**Problem**
Please provide the entries below again, word for word.

**Provided records**

lemma cring_total_frac_ring: "cring T"
proof (rule cringI)
  show "abelian_group T"
  proof (rule abelian_groupI)
    fix x y assume "x \<in> carrier T" "y \<in> carrier T"
    then show "x \<oplus>\<^bsub>T\<^esub> y \<in> carrier T"
      by (elim total_frac_ring_carrierE) (auto simp: add_fraction nzd_mult nzd_closed intro!: fraction_closed)
  next
    show "\<zero>\<^bsub>T\<^esub> \<in> carrier T"
      by (simp add: zero_total_frac_ring fraction_closed nzd_one)
  next
    fix x y z assume "x \<in> carrier T" "y \<in> carrier T" "z \<in> carrier T"
    then obtain a s b t c v where in_R: "a \<in> carrier R" "b \<in> carrier R" "c \<in> carrier R"
        "s \<in> nzd R" "t \<in> nzd R" "v \<in> nzd R"
      and xyz: "x = fraction R a s" "y = fraction R b t" "z = fraction R c v"
      by (elim total_frac_ring_carrierE) metis
    have "(a \<otimes> t \<oplus> b \<otimes> s) \<otimes> v \<oplus> c \<otimes> (s \<otimes> t) = a \<otimes> (t \<otimes> v) \<oplus> (b \<otimes> v \<oplus> c \<otimes> t) \<otimes> s"
      "s \<otimes> t \<otimes> v = s \<otimes> (t \<otimes> v)"
      using in_R nzd_closed by algebra+
    then show "x \<oplus>\<^bsub>T\<^esub> y \<oplus>\<^bsub>T\<^esub> z = x \<oplus>\<^bsub>T\<^esub> (y \<oplus>\<^bsub>T\<^esub> z)"
      unfolding xyz using in_R by (simp add: add_fraction nzd_mult nzd_closed)
  next
    fix x y assume "x \<in> carrier T" "y \<in> carrier T"
    then obtain a s b t where in_R: "a \<in> carrier R" "b \<in> carrier R" "s \<in> nzd R" "t \<in> nzd R"
      and xy: "x = fraction R a s" "y = fraction R b t"
      by (elim total_frac_ring_carrierE) metis
    have "a \<otimes> t \<oplus> b \<otimes> s = b \<otimes> s \<oplus> a \<otimes> t" "s \<otimes> t = t \<otimes> s"
      using in_R nzd_closed by algebra+
    then show "x \<oplus>\<^bsub>T\<^esub> y = y \<oplus>\<^bsub>T\<^esub> x"
      unfolding xy using in_R by (simp add: add_fraction)
  next
    fix x assume "x \<in> carrier T"
    then show "\<zero>\<^bsub>T\<^esub> \<oplus>\<^bsub>T\<^esub> x = x"
      by (elim total_frac_ring_carrierE) (simp add: zero_total_frac_ring add_fraction nzd_one nzd_closed)
  next
    fix x assume "x \<in> carrier T"
    then obtain a s where in_R: "a \<in> carrier R" "s \<in> nzd R" and x: "x = fraction R a s"
      by (elim total_frac_ring_carrierE)
    have "fraction R (\<ominus> a) s \<oplus>\<^bsub>T\<^esub> x = \<zero>\<^bsub>T\<^esub>"
      unfolding x using in_R nzd_closed
      by (simp add: add_fraction zero_total_frac_ring fraction_eq_iff nzd_mult nzd_one l_minus l_neg)
    moreover have "fraction R (\<ominus> a) s \<in> carrier T"
      using in_R by (simp add: fraction_closed)
    ultimately show "\<exists>y \<in> carrier T. y \<oplus>\<^bsub>T\<^esub> x = \<zero>\<^bsub>T\<^esub>"
      by blast
  qed
next
  show "comm_monoid T"
  proof (rule comm_monoidI)
    fix x y assume "x \<in> carrier T" "y \<in> carrier T"
    then show "x \<otimes>\<^bsub>T\<^esub> y \<in> carrier T"
      by (elim total_frac_ring_carrierE) (auto simp: mult_fraction nzd_mult intro!: fraction_closed)
  next
    show "\<one>\<^bsub>T\<^esub> \<in> carrier T"
      by (simp add: one_total_frac_ring fraction_closed nzd_one)
  next
    fix x y z assume "x \<in> carrier T" "y \<in> carrier T" "z \<in> carrier T"
    then show "x \<otimes>\<^bsub>T\<^esub> y \<otimes>\<^bsub>T\<^esub> z = x \<otimes>\<^bsub>T\<^esub> (y \<otimes>\<^bsub>T\<^esub> z)"
      by (elim total_frac_ring_carrierE) (simp add: mult_fraction nzd_mult nzd_closed m_assoc)
  next
    fix x assume "x \<in> carrier T"
    then show "\<one>\<^bsub>T\<^esub> \<otimes>\<^bsub>T\<^esub> x = x"
      by (elim total_frac_ring_carrierE) (simp add: one_total_frac_ring mult_fraction nzd_one nzd_closed)
  next
    fix x y assume "x \<in> carrier T" "y \<in> carrier T"
    then show "x \<otimes>\<^bsub>T\<^esub> y = y \<otimes>\<^bsub>T\<^esub> x"
      by (elim total_frac_ring_carrierE) (simp add: mult_fraction nzd_closed m_comm)
  qed
next
  fix x y z assume "x \<in> carrier T" "y \<in> carrier T" "z \<in> carrier T"
  then obtain a s b t c v where in_R: "a \<in> carrier R" "b \<in> carrier R" "c \<in> carrier R"
      "s \<in> nzd R" "t \<in> nzd R" "v \<in> nzd R"
    and xyz: "x = fraction R a s" "y = fraction R b t" "z = fraction R c v"
    by (elim total_frac_ring_carrierE) metis
  have "(a \<otimes> t \<oplus> b \<otimes> s) \<otimes> c \<otimes> (s \<otimes> v \<otimes> (t \<otimes> v))
      = (a \<otimes> c \<otimes> (t \<otimes> v) \<oplus> b \<otimes> c \<otimes> (s \<otimes> v)) \<otimes> (s \<otimes> t \<otimes> v)"
    using in_R nzd_closed by algebra
  then show "(x \<oplus>\<^bsub>T\<^esub> y) \<otimes>\<^bsub>T\<^esub> z = x \<otimes>\<^bsub>T\<^esub> z \<oplus>\<^bsub>T\<^esub> y \<otimes>\<^bsub>T\<^esub> z"
    unfolding xyz using in_R nzd_closed by (simp add: add_fraction mult_fraction nzd_mult fraction_eq_iff)
qed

**Response to the exercise**
lemma cring_total_frac_ring: "cring T"
proof (rule cringI)
  show "abelian_group T"
  proof (rule abelian_groupI)
    fix x y assume "x \<in> carrier T" "y \<in> carrier T"
    then show "x \<oplus>\<^bsub>T\<^esub> y \<in> carrier T"
      by (elim total_frac_ring_carrierE) (auto simp: add_fraction nzd_mult nzd_closed intro!: fraction_closed)
  next
    show "\<zero>\<^bsub>T\<^esub> \<in> carrier T"
      by (simp add: zero_total_frac_ring fraction_closed nzd_one)
  next
    fix x y z assume "x \<in> carrier T" "y \<in> carrier T" "z \<in> carrier T"
    then obtain a s b t c v where in_R: "a \<in> carrier R" "b \<in> carrier R" "c \<in> carrier R"
        "s \<in> nzd R" "t \<in> nzd R" "v \<in> nzd R"
      and xyz: "x = fraction R a s" "y = fraction R b t" "z = fraction R c v"
      by (elim total_frac_ring_carrierE) metis
    have "(a \<otimes> t \<oplus> b \<otimes> s) \<otimes> v \<oplus> c \<otimes> (s \<otimes> t) = a \<otimes> (t \<otimes> v) \<oplus> (b \<otimes> v \<oplus> c \<otimes> t) \<otimes> s"
      "s \<otimes> t \<otimes> v = s \<otimes> (t \<otimes> v)"
      using in_R nzd_closed by algebra+
    then show "x \<oplus>\<^bsub>T\<^esub> y \<oplus>\<^bsub>T\<^esub> z = x \<oplus>\<^bsub>T\<^esub> (y \<oplus>\<^bsub>T\<^esub> z)"
      unfolding xyz using in_R by (simp add: add_fraction nzd_mult nzd_closed)
  next
    fix x y assume "x \<in> carrier T" "y \<in> carrier T"
    then obtain a s b t where in_R: "a \<in> carrier R" "b \<in> carrier R" "s \<in> nzd R" "t \<in> nzd R"
      and xy: "x = fraction R a s" "y = fraction R b t"
      by (elim total_frac_ring_carrierE) metis
    have "a \<otimes> t \<oplus> b \<otimes> s = b \<otimes> s \<oplus> a \<otimes> t" "s \<otimes> t = t \<otimes> s"
      using in_R nzd_closed by algebra+
    then show "x \<oplus>\<^bsub>T\<^esub> y = y \<oplus>\<^bsub>T\<^esub> x"
      unfolding xy using in_R by (simp add: add_fraction)
  next
    fix x assume "x \<in> carrier T"
    then show "\<zero>\<^bsub>T\<^esub> \<oplus>\<^bsub>T\<^esub> x = x"
      by (elim total_frac_ring_carrierE) (simp add: zero_total_frac_ring add_fraction nzd_one nzd_closed)
  next
    fix x assume "x \<in> carrier T"
    then obtain a s where in_R: "a \<in> carrier R" "s \<in> nzd R" and x: "x = fraction R a s"
      by (elim total_frac_ring_carrierE)
    have "fraction R (\<ominus> a) s \<oplus>\<^bsub>T\<^esub> x = \<zero>\<^bsub>T\<^esub>"
      unfolding x using in_R nzd_closed
      by (simp add: add_fraction zero_total_frac_ring fraction_eq_iff nzd_mult nzd_one l_minus l_neg)
    moreover have "fraction R (\<ominus> a) s \<in> carrier T"
      using in_R by (simp add: fraction_closed)
    ultimately show "\<exists>y \<in> carrier T. y \<oplus>\<^bsub>T\<^esub> x = \<zero>\<^bsub>T\<^esub>"
      by blast
  qed
next
  show "comm_monoid T"
  proof (rule comm_monoidI)
    fix x y assume "x \<in> carrier T" "y \<in> carrier T"
    then show "x \<otimes>\<^bsub>T\<^esub> y \<in> carrier T"
      by (elim total_frac_ring_carrierE) (auto simp: mult_fraction nzd_mult intro!: fraction_closed)
  next
    show "\<one>\<^bsub>T\<^esub> \<in> carrier T"
      by (simp add: one_total_frac_ring fraction_closed nzd_one)
  next
    fix x y z assume "x \<in> carrier T" "y \<in> carrier T" "z \<in> carrier T"
    then show "x \<otimes>\<^bsub>T\<^esub> y \<otimes>\<^bsub>T\<^esub> z = x \<otimes>\<^bsub>T\<^esub> (y \<otimes>\<^bsub>T\<^esub> z)"
      by (elim total_frac_ring_carrierE) (simp add: mult_fraction nzd_mult nzd_closed m_assoc)
  next
    fix x assume "x \<in> carrier T"
    then show "\<one>\<^bsub>T\<^esub> \<otimes>\<^bsub>T\<^esub> x = x"
      by (elim total_frac_ring_carrierE) (simp add: one_total_frac_ring mult_fraction nzd_one nzd_closed)
  next
    fix x y assume "x \<in> carrier T" "y \<in> carrier T"
    then show "x \<otimes>\<^bsub>T\<^esub> y = y \<otimes>\<^bsub>T\<^esub> x"
      by (elim total_frac_ring_carrierE) (simp add: mult_fraction nzd_closed m_comm)
  qed
next
  fix x y z assume "x \<in> carrier T" "y \<in> carrier T" "z \<in> carrier T"
  then obtain a s b t c v where in_R: "a \<in> carrier R" "b \<in> carrier R" "c \<in> carrier R"
      "s \<in> nzd R" "t \<in> nzd R" "v \<in> nzd R"
    and xyz: "x = fraction R a s" "y = fraction R b t" "z = fraction R c v"
    by (elim total_frac_ring_carrierE) metis
  have "(a \<otimes> t \<oplus> b \<otimes> s) \<otimes> c \<otimes> (s \<otimes> v \<otimes> (t \<otimes> v))
      = (a \<otimes> c \<otimes> (t \<otimes> v) \<oplus> b \<otimes> c \<otimes> (s \<otimes> v)) \<otimes> (s \<otimes> t \<otimes> v)"
    using in_R nzd_closed by algebra
  then show "(x \<oplus>\<^bsub>T\<^esub> y) \<otimes>\<^bsub>T\<^esub> z = x \<otimes>\<^bsub>T\<^esub> z \<oplus>\<^bsub>T\<^esub> y \<otimes>\<^bsub>T\<^esub> z"
    unfolding xyz using in_R nzd_closed by (simp add: add_fraction mult_fraction nzd_mult fraction_eq_iff)
qed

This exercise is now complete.